Can a business grade client computer SSD run for 24/7?



  • I am looking at Kingston KC400 and Micron 1100 for pfSense' hard drive. (Of cause I will not worry with a data center grade SSD, but it costs more.)

    Both of them are business grade SSDs which were designed for client side desktop usages. They are using the same controllers and storage chips as consumer grade SSDs. Except of more TBW and longer warranty, the only difference from consumer grade I knew now are that the firmware has some kind of data protection features against power lost.

    I have a KC400 running in a pfSense box without snort/suricata. The read/write frequency is low comparing to desktop computer. SMART information looks good after more than a half year.

    But if KC400 or 1100 runs with generating a lot of logs(such as snort/suricata), log analyzing software, and web caching (squid and squidguard), will it still works well for 24/7? Anything else should I notice?



  • When you format leave half or most of the ssd empty.

    If 128GB ssd give pfSense 32 or 64 GB. This will spread out the wear all over the ssd.



  • use ramdisk


  • Netgate Administrator

    Any half descent current SSD should have no problems at all for years of even heavy logging. See any of the test results available. 100s of TB of writes are required to exhaust the flash write cycles.

    Most of the bad rep and fud that surrounds SSDs came from early/budget models with poor firmware. That simply doesn't apply to current devices.

    I would not expect the ware levelling to be affected by drive format either. It should distribute writes regardless of partition size.

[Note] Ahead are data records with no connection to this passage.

(* For every integer $k\geq 1$, the symmetric directed paths satisfy $\chi'_{D_{1,2}}(\overleftrightarrow{P_{2k}}) = 2$ and $\chi'_{D_{1,2}}(\overleftrightarrow{P_{2k+1}}) = 3$. For every integer $n \geq 3$, the symmetric directed cycle satisfies $\chi'_{D_{1,2}}(\overleftrightarrow{C_n}) = 3$.
   Context: $P_n$ denotes the path on $n$ vertices and $C_n$ the cycle on $n$ vertices. For a simple graph $G$, the symmetric digraph $\overleftrightarrow{G}$ is obtained by replacing each edge $uv$ of $G$ by the pair of opposite arcs $\overrightarrow{uv}$ and $\overrightarrow{vu}$. An arc-colouring is proper of type I if any two consecutive arcs $\overrightarrow{uv},\overrightarrow{vw}$ (including $w=u$) receive distinct colours. An arc-colouring is distinguishing if the only automorphism of $\overleftrightarrow{G}$ preserving the colour of every arc is the identity. $\chi'_{D_{1,2}}(\overleftrightarrow{G})$ is the least number of colours in a distinguishing proper arc-colouring of type I of $\overleftrightarrow{G}$. *)

theory Defs
  imports Main
begin

text \<open>A simple graph is given by a vertex set V and a symmetric irreflexive
edge predicate E. Its symmetric digraph has arc set {(u,v). uv edge}.\<close>

definition sym_arcs :: "'a set \<Rightarrow> ('a \<Rightarrow> 'a \<Rightarrow> bool) \<Rightarrow> ('a \<times> 'a) set" where
  "sym_arcs V E = {(u, v). u \<in> V \<and> v \<in> V \<and> E u v}"

definition digraph_aut :: "'a set \<Rightarrow> ('a \<times> 'a) set \<Rightarrow> ('a \<Rightarrow> 'a) \<Rightarrow> bool" where
  "digraph_aut V A \<sigma> \<longleftrightarrow> bij_betw \<sigma> V V \<and>
     (\<forall>u\<in>V. \<forall>v\<in>V. (u, v) \<in> A \<longleftrightarrow> (\<sigma> u, \<sigma> v) \<in> A)"

text \<open>Proper arc-colouring of type I: consecutive arcs uv, vw (w = u allowed) get distinct colours.\<close>
definition proper_arc_col_I :: "('a \<times> 'a) set \<Rightarrow> ('a \<times> 'a \<Rightarrow> nat) \<Rightarrow> bool" where
  "proper_arc_col_I A c \<longleftrightarrow>
     (\<forall>u v w. (u, v) \<in> A \<and> (v, w) \<in> A \<longrightarrow> c (u, v) \<noteq> c (v, w))"

definition distinguishing_arc_col :: "'a set \<Rightarrow> ('a \<times> 'a) set \<Rightarrow> ('a \<times> 'a \<Rightarrow> nat) \<Rightarrow> bool" where
  "distinguishing_arc_col V A c \<longleftrightarrow>
     (\<forall>\<sigma>. digraph_aut V A \<sigma> \<and> (\<forall>(u, v) \<in> A. c (\<sigma> u, \<sigma> v) = c (u, v))
          \<longrightarrow> (\<forall>v\<in>V. \<sigma> v = v))"
(* Fix $\varepsilon>0$, $\beta\in(0,1)$, an even integer $d>4(e^{2\varepsilon}-1)^2\ln\frac{2}{\beta}$, and an $\varepsilon$-private randomizer $R:[d]\to\mathcal Y$. For every message $y\in\mathcal Y$, if $H$ is chosen uniformly at random among subsets of $[d]$ of size $d/2$, then \[ \Pr_H\left[y \text{ is not } (e^{2\varepsilon}-1)\sqrt{\tfrac{4}{d}\ln\tfrac{2}{\beta}}\text{-leaky with respect to } H,R\right]\ge 1-\beta . \]
   Context: A randomizer $R:[d]\to\mathcal Y$ is a randomized map into a countable message set $\mathcal Y$; it is $\varepsilon$-private if for all $x,x'\in[d]$ and all $Y\subseteq\mathcal Y$, $\Pr[R(x)\in Y]\le e^{\varepsilon}\Pr[R(x')\in Y]$. $\mathbf U$ is the uniform distribution on $[d]$; for $H\subseteq[d]$, $\mathbf U_H$ is the uniform distribution on $H$; $R(\mathbf U)$ (resp. $R(\mathbf U_H)$) is the distribution of $R(\hat x)$ where $\hat x\sim\mathbf U$ (resp. $\hat x\sim \mathbf U_H$). For $H\subset[d]$ with $|H|=d/2$, a message $y$ is $v$-leaky with respect to $H,R$ if $\left|\ln\frac{\Pr[R(\mathbf U_H)=y]}{\Pr[R(\mathbf U)=y]}\right|>v$ (messages with $\Pr[R(\mathbf U)=y]=0$ are regarded as not leaky). *)

theory Defs
  imports "HOL-Probability.Probability"
begin

text \<open>A randomizer on [d] = {1..d} is modelled as a map from inputs to
  probability mass functions on a countable message type 'y.\<close>

definition eps_private :: "real \<Rightarrow> nat \<Rightarrow> (nat \<Rightarrow> 'y::countable pmf) \<Rightarrow> bool" where
  "eps_private \<epsilon> d R \<longleftrightarrow>
     (\<forall>x\<in>{1..d}. \<forall>x'\<in>{1..d}. \<forall>Y. measure_pmf.prob (R x) Y \<le> exp \<epsilon> * measure_pmf.prob (R x') Y)"

text \<open>Pr[R(U_H) = y] where U_H is uniform on H (R(U) is the case H = [d]).\<close>
definition prob_out :: "(nat \<Rightarrow> 'y pmf) \<Rightarrow> nat set \<Rightarrow> 'y \<Rightarrow> real" where
  "prob_out R H y = measure_pmf.prob (bind_pmf (pmf_of_set H) R) {y}"

text \<open>y is v-leaky w.r.t. H, R. Messages with Pr[R(U)=y]=0 are not leaky;
  if Pr[R(U_H)=y]=0 < Pr[R(U)=y] the log-ratio is -infinity, hence leaky.\<close>
definition leaky :: "real \<Rightarrow> nat \<Rightarrow> nat set \<Rightarrow> (nat \<Rightarrow> 'y pmf) \<Rightarrow> 'y \<Rightarrow> bool" where
  "leaky v d H R y \<longleftrightarrow>
     prob_out R {1..d} y > 0 \<and>
     (prob_out R H y = 0 \<or> \<bar>ln (prob_out R H y / prob_out R {1..d} y)\<bar> > v)"

end

theory Submission
  imports Defs
begin
(* Let $A>0$ be fixed. For $X$ large set $\rho=e^{-1/X}$, $Q=(\log X)^A$ and $\delta_q=q^{-1}X^{-1}(\log X)^A$. For $1\le a\le q\le Q$ with $(a,q)=1$ let $\mathfrak{M}(q,a)=\big(\frac aq-\delta_q,\frac aq+\delta_q\big)$, let $\mathfrak{M}$ be the union of all these intervals, and let $\mathfrak{m}=[-\frac12,\frac12)\setminus\mathfrak{M}$ (arcs understood modulo $1$). Then for $\theta\in\mathfrak{m}$, \[ \Phi_{|\mu|}(\rho\operatorname{e}(\theta))\ll_A X(\log X)^{10-A/4}. \]
   Context: $\operatorname{e}(x)=\exp(2\pi i x)$; $\mu$ is the Möbius function; for $|z|<1$, $\Phi_{|\mu|}(z):=\sum_{j=1}^\infty\sum_{n=1}^\infty\frac{|\mu(n)|}{j}z^{jn}$ (so that $\prod_{n\ge1}(1-z^n)^{-|\mu(n)|}=\exp(\Phi_{|\mu|}(z))$). $\ll_A$ means the implied constant may depend on $A$. *)

theory Defs
  imports "HOL-Analysis.Analysis" "HOL-Computational_Algebra.Squarefree"
begin

definition ee :: "real \<Rightarrow> complex" where
  "ee x = exp (2 * of_real pi * \<i> * of_real x)"

definition moebius :: "nat \<Rightarrow> int" where
  "moebius n = (if n = 0 then 0 else if squarefree n then (-1) ^ card (prime_factors n) else 0)"

definition Phi_absmu :: "complex \<Rightarrow> complex" where
  "Phi_absmu z = (\<Sum>j. \<Sum>n. of_int \<bar>moebius (Suc n)\<bar> / of_nat (Suc j) * z ^ (Suc j * Suc n))"

definition delta_q :: "real \<Rightarrow> real \<Rightarrow> nat \<Rightarrow> real" where
  "delta_q A X q = (ln X) powr A / (real q * X)"

definition major_arcs :: "real \<Rightarrow> real \<Rightarrow> real set" where
  "major_arcs A X = {\<theta>. \<exists>q a (k::int). 1 \<le> a \<and> a \<le> q \<and> real q \<le> (ln X) powr A \<and> coprime a q \<and>
      \<bar>\<theta> - real a / real q - of_int k\<bar> < delta_q A X q}"

definition minor_arcs :: "real \<Rightarrow> real \<Rightarrow> real set" where
  "minor_arcs A X = {-1/2..<1/2} - major_arcs A X"

end

(*
  Write z = rho e(theta) with rho = exp(-1/X), and T(w) = sum_{n>=1} |mu(n)| w^n.  Expanding the
  logarithm, Phi_|mu|(z) = sum_{j>=1} T(z^j) / j, and since |mu(n)| = sum_{d^2 | n} mu(d) there is the
  Lambert-type expansion T(w) = sum_{d>=1} mu(d) w^(d^2) / (1 - w^(d^2)).  So everything reduces to
  the terms z^m / (1 - z^m) with m = j d^2.  Trivially |z^m / (1 - z^m)| <= X / m.  If m <= Q =
  (log X)^A, then m theta has distance >= Q / X from the integers (otherwise theta would lie on a
  major arc with denominator q <= m), hence |1 - z^m| >= Q / X and the term is at most X / Q.
  Together |z^m / (1 - z^m)| <= X m^(-3/4) Q^(-1/4), and summing over j and d gives
  Phi_|mu|(z) << X Q^(-1/4) = X (log X)^(-A/4), which is stronger than the stated bound.
*)

theory Submission
  imports Defs "HOL-Real_Asymp.Real_Asymp"
begin

lemma moebius_mult_prime:
  assumes "prime p"
  shows "moebius (d * p) = (if p dvd d then 0 else - moebius d)"
proof (cases "p dvd d")
  case True
  then have "p\<^sup>2 dvd d * p" by (auto simp: power2_eq_square)
  then have "\<not> squarefree (d * p)"
    using assms by (metis not_prime_unit squarefreeD)
  then show ?thesis using True by (simp add: moebius_def)
next
  case False
  have d0: "d \<noteq> 0" using False by (metis dvd_0_right)
  have p0: "p \<noteq> 0" using assms by auto
  have "coprime d p" using prime_imp_coprime[OF assms False] by (simp add: ac_simps)
  then have sq: "squarefree (d * p) \<longleftrightarrow> squarefree d"
    using assms squarefree_mult_coprime squarefree_prime squarefree_multD by blast
  have "prime_factors (d * p) = insert p (prime_factors d)"
    using prime_factors_product[OF d0 p0] assms by (simp add: prime_prime_factors)
  moreover have "p \<notin> prime_factors d" using False by auto
  ultimately have "card (prime_factors (d * p)) = Suc (card (prime_factors d))"
    by simp
  then show ?thesis using False sq d0 p0 by (simp add: moebius_def)
qed

lemma sum_moebius_divisors:
  assumes "k > 0"
  shows "(\<Sum>d | d dvd k. moebius d) = (if k = 1 then 1 else 0)"
proof (cases "k = 1")
  case True
  then show ?thesis by (simp add: moebius_def)
next
  case False
  then obtain p where p: "prime p" "p dvd k" using assms prime_factor_nat by blast
  define D where "D = {d. d dvd k}"
  \<comment> \<open>Multiplication by \<open>p\<close> maps \<open>S\<close> onto the divisors divisible by \<open>p\<close> with nonzero
      Moebius value, flipping the sign.\<close>
  define S where "S = {d \<in> D. \<not> p dvd d \<and> squarefree d}"
  have fin: "finite D" using assms by (simp add: D_def)
  have "sum moebius (D - {d. p dvd d}) = sum moebius S"
    by (rule sum.mono_neutral_right) (use fin in \<open>auto simp: S_def moebius_def\<close>)
  moreover have "sum moebius (D \<inter> {d. p dvd d}) = sum moebius ((\<lambda>d. d * p) ` S)"
  proof (rule sum.mono_neutral_right)
    show "(\<lambda>d. d * p) ` S \<subseteq> D \<inter> {d. p dvd d}"
    proof clarify
      fix d assume "d \<in> S"
      then have "d dvd k" "coprime p d"
        using p by (auto simp: S_def D_def prime_imp_coprime)
      then show "d * p \<in> D \<inter> {d. p dvd d}" using p by (simp add: D_def divides_mult ac_simps)
    qed
    show "\<forall>x \<in> D \<inter> {d. p dvd d} - (\<lambda>d. d * p) ` S. moebius x = 0"
    proof
      fix x assume x: "x \<in> D \<inter> {d. p dvd d} - (\<lambda>d. d * p) ` S"
      then have "p dvd x" by blast
      then obtain e where e: "x = e * p" by (metis dvdE mult.commute)
      have "e \<in> D" using x e by (auto simp: D_def intro: dvd_mult_left)
      then have "p dvd e \<or> \<not> squarefree e" using x e by (auto simp: S_def)
      then show "moebius x = 0"
        unfolding e moebius_mult_prime[OF p(1)] by (auto simp: moebius_def)
    qed
  qed (use fin in simp)
  moreover have "sum moebius ((\<lambda>d. d * p) ` S) = - sum moebius S"
    using p by (subst sum.reindex) (auto simp: inj_on_def S_def moebius_mult_prime sum_negf)
  ultimately have "sum moebius D = 0"
    using sum.Int_Diff[OF fin, of moebius "{d. p dvd d}"] by simp
  then show ?thesis using False by (simp add: D_def)
qed

lemma squarefree_iff_square_part_eq_1: "squarefree (n :: nat) \<longleftrightarrow> square_part n = 1"
  unfolding squarefree_def dvd_square_part_iff[symmetric]
  by (metis dvd_refl nat_dvd_1_iff_1)

lemma square_part_pos: "n > 0 \<Longrightarrow> square_part n > (0 :: nat)"
  by (simp add: neq0_conv[symmetric] del: neq0_conv)

lemma sum_moebius_square_divisors:
  assumes "n > 0"
  shows "(\<Sum>d | d\<^sup>2 dvd n. moebius d) = \<bar>moebius n\<bar>"
proof -
  have "(\<Sum>d | d\<^sup>2 dvd n. moebius d) = (\<Sum>d | d dvd square_part n. moebius d)"
    by (simp add: dvd_square_part_iff)
  also have "\<dots> = (if square_part n = 1 then 1 else 0)"
    using assms by (intro sum_moebius_divisors square_part_pos)
  also have "\<dots> = \<bar>moebius n\<bar>"
    using assms squarefree_iff_square_part_eq_1[of n] by (simp add: moebius_def)
  finally show ?thesis .
qed

lemma abs_moebius_le_1: "\<bar>moebius n\<bar> \<le> 1"
  by (simp add: moebius_def)

lemma norm_moebius_mult_le:
  fixes x :: "'a :: real_normed_div_algebra"
  shows "norm (of_int (moebius n) * x) \<le> norm x"
proof -
  have "norm (of_int (moebius n) * x) = \<bar>real_of_int (moebius n)\<bar> * norm x"
    by (simp add: norm_mult norm_of_int)
  also have "\<dots> \<le> norm x" using abs_moebius_le_1[of n] by (intro mult_left_le_one_le) auto
  finally show ?thesis .
qed

lemma summable_on_power_mult:
  fixes r :: real
  assumes r: "0 \<le> r" "r < 1"
  shows "(\<lambda>(d, m). r ^ (d * m)) summable_on ({1..} \<times> {1..})"
proof (rule summable_on_SigmaI[where g = "\<lambda>d. r ^ d / (1 - r ^ d)"])
  have rd: "r ^ d \<le> r" "r ^ d < 1" if "d \<ge> 1" for d :: nat
    using r that by (auto simp: power_decreasing[of 1 d r, simplified] power_less_one_iff)
  show "((\<lambda>m. case (d, m) of (d, m) \<Rightarrow> r ^ (d * m)) has_sum r ^ d / (1 - r ^ d)) {1..}"
    if "d \<in> {1..}" for d :: nat
    using has_sum_geometric_from_1[of "r ^ d"] rd[of d] r that by (simp add: power_mult)
  have "(\<lambda>d. r ^ d / (1 - r)) summable_on {1..}"
    using has_sum_divide_const[OF has_sum_geometric_from_1[of r]] r by (auto intro: has_sum_imp_summable)
  then show "(\<lambda>d. r ^ d / (1 - r ^ d)) summable_on {1..}"
  proof (rule summable_on_comparison_test)
    show "r ^ d / (1 - r ^ d) \<le> r ^ d / (1 - r)" if "d \<in> {1..}" for d :: nat
      using r rd[of d] that by (intro divide_left_mono) auto
    show "0 \<le> r ^ d / (1 - r ^ d)" if "d \<in> {1..}" for d :: nat
      using r rd[of d] that by simp
  qed
qed (use r in auto)

lemma has_sum_square_divisor_reindex:
  fixes f :: "nat \<Rightarrow> nat \<Rightarrow> 'a :: {comm_monoid_add, topological_space}"
  shows "((\<lambda>(d, m). f d (d\<^sup>2 * m)) has_sum S) ({1..} \<times> {1..}) \<longleftrightarrow>
         ((\<lambda>(n, d). f d n) has_sum S) (SIGMA n:{1..}. {d. d\<^sup>2 dvd n})"
proof (rule has_sum_reindex_bij_witness[where i = "\<lambda>(n, d). (d, n div d\<^sup>2)" and j = "\<lambda>(d, m). (d\<^sup>2 * m, d)"])
  fix nd :: "nat \<times> nat" assume "nd \<in> (SIGMA n:{1..}. {d. d\<^sup>2 dvd n})"
  then obtain n d :: nat where nd: "nd = (n, d)" "n \<ge> 1" "d\<^sup>2 dvd n" by auto
  then have "d \<noteq> 0" by (cases "d = 0") auto
  moreover have "n div d\<^sup>2 \<noteq> 0" using nd \<open>d \<noteq> 0\<close> by (auto elim!: dvdE)
  ultimately show "(case nd of (n, d) \<Rightarrow> (d, n div d\<^sup>2)) \<in> {1..} \<times> {1..}" by (simp add: nd)
qed (auto elim!: dvdE)

lemma summable_abs_moebius_power:
  fixes w :: "'a :: {real_normed_field, banach}"
  assumes "norm w < 1"
  shows "summable (\<lambda>n. of_int \<bar>moebius (Suc n)\<bar> * w ^ Suc n)"
proof (rule summable_comparison_test')
  show "summable (\<lambda>n. norm w ^ Suc n)" using assms by (simp add: summable_geometric)
  show "norm (of_int \<bar>moebius (Suc n)\<bar> * w ^ Suc n) \<le> norm w ^ Suc n" for n
    by (simp add: norm_mult norm_power mult_left_le_one_le moebius_def)
qed

lemma has_sum_lambert_abs_moebius:
  fixes w :: complex
  assumes w: "norm w < 1"
  shows "((\<lambda>d. of_int (moebius d) * (w ^ d\<^sup>2 / (1 - w ^ d\<^sup>2))) has_sum
           (\<Sum>n. of_int \<bar>moebius (Suc n)\<bar> * w ^ Suc n)) {1..}"
proof -
  \<comment> \<open>Both sides regroup the absolutely convergent double series of \<open>\<mu>(d) w^(d\<^sup>2 m)\<close> over
      \<open>d, m \<ge> 1\<close>: by \<open>d\<close>, resp. by \<open>n = d\<^sup>2 m\<close>.\<close>
  define f where "f = (\<lambda>d m. of_int (moebius d) * w ^ m)"
  have "(\<lambda>(d, m). norm w ^ (d * m)) summable_on ({1..} \<times> {1..})"
    using w by (intro summable_on_power_mult) auto
  then have "(\<lambda>dm. norm (case dm of (d, m) \<Rightarrow> f d (d\<^sup>2 * m))) summable_on ({1..} \<times> {1..})"
    by (rule Infinite_Sum.abs_summable_on_comparison_test')
       (use w in \<open>auto simp: f_def norm_mult norm_power moebius_def power2_eq_square
                   mult_left_le_one_le intro!: power_decreasing\<close>)
  then have "(\<lambda>(d, m). f d (d\<^sup>2 * m)) summable_on ({1..} \<times> {1..})"
    by (rule Infinite_Sum.abs_summable_summable)
  then obtain S where S: "((\<lambda>(d, m). f d (d\<^sup>2 * m)) has_sum S) ({1..} \<times> {1..})"
    by (auto simp: summable_on_def)
  have lambert: "((\<lambda>d. of_int (moebius d) * (w ^ d\<^sup>2 / (1 - w ^ d\<^sup>2))) has_sum S) {1..}"
  proof (rule has_sum_Sigma'[OF S])
    fix d :: nat assume "d \<in> {1..}"
    then have "norm (w ^ d\<^sup>2) < 1" using w by (simp add: norm_power power_less_one_iff)
    from has_sum_cmult_right[OF has_sum_geometric_from_1[OF this]]
    show "((\<lambda>m. case (d, m) of (d, m) \<Rightarrow> f d (d\<^sup>2 * m)) has_sum
            of_int (moebius d) * (w ^ d\<^sup>2 / (1 - w ^ d\<^sup>2))) {1..}"
      by (simp add: f_def power_mult)
  qed
  have "((\<lambda>n. of_int (\<Sum>d | d\<^sup>2 dvd n. moebius d) * w ^ n) has_sum S) {1..}"
  proof (rule has_sum_Sigma'[OF S[unfolded has_sum_square_divisor_reindex]])
    fix n :: nat assume "n \<in> {1..}"
    then have "finite {d. d dvd square_part n}" by (intro finite_divisors_nat square_part_pos) simp
    then have "finite {d. d\<^sup>2 dvd n}" by (simp add: dvd_square_part_iff)
    then show "((\<lambda>d. case (n, d) of (n, d) \<Rightarrow> f d n) has_sum of_int (\<Sum>d | d\<^sup>2 dvd n. moebius d) * w ^ n)
                {d. d\<^sup>2 dvd n}"
      by (simp add: f_def has_sum_finiteI sum_distrib_right)
  qed
  then have "((\<lambda>n. of_int \<bar>moebius n\<bar> * w ^ n) has_sum S) {1..}"
    by (rule has_sum_cong[THEN iffD1, rotated]) (simp add: sum_moebius_square_divisors)
  then have "((\<lambda>n. of_int \<bar>moebius (Suc n)\<bar> * w ^ Suc n) has_sum S) UNIV"
    by (subst has_sum_reindex_bij_witness[where i = "\<lambda>n. n - 1" and j = Suc]) auto
  then have "(\<Sum>n. of_int \<bar>moebius (Suc n)\<bar> * w ^ Suc n) = S"
    by (metis has_sum_imp_sums sums_unique)
  then show ?thesis using lambert by simp
qed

    But, yeah, if you are worried just move /var to ram. You will lose logs at power failure though.

    Steve



  • @stephenw10:

    Any half descent current SSD should have no problems at all for years of even heavy logging. See any of the test results available. 100s of TB of writes are required to exhaust the flash write cycles.

    Most of the bad rep and fud that surrounds SSDs came from early/budget models with poor firmware. That simply doesn't apply to current devices.

    I would not expect the ware leveling to be affected by drive format either. It should distribute writes regardless of partition size.

    But, yeah, if you are worried just move /var to ram. You will lose logs at power failure though.

    Steve

    Its not partition size, its used space. If the partition limits you to using only 50% of the space, then the controller always has 50% free blocks to distribute writes to.

    I agree this is over kill with modern stuff, but if he is worried about endurance/performance degradation, wasting 1/3 or 1/2 of the space is a simple fix for that.

    You replied while I was typing a reply so I'm just pasting my comment in now with more thoughts and experience.

    I don't think ramdisk will be effective with snort/surricata squid and squid guard, and not shipping the logs.

    Ideally you could ram disk and ship all that data somewhere else, but flash based media had problems in earlier versions.
    Specifically for the uses you describe changes were made such that pfSense alone is generally very light on ssd or compact flash in terms of wear.
    I used early ssds and compact flash in alix boxes years ago, embedded install would make them read only and use ram disk for everything accept a few writes. This was to prevent the type of wear that kills flash media prematurely. This as a problem largely overcome by OS's being able to use TRIM etc, and controllers in flash media doing better wear leveling. However, changes were later made that allow mounting CF media as read/write, IIRC this change was pushed into normal updates, though I did it manually for a while before that. I've got Kingston compact flash that runs read/write in an alix for several years now. Performance sucks, but most the issues with flash media vs hdd are resolved for pfSense/FreeBSD and/or by better ssd controllers. write amplification and wear leveling the like.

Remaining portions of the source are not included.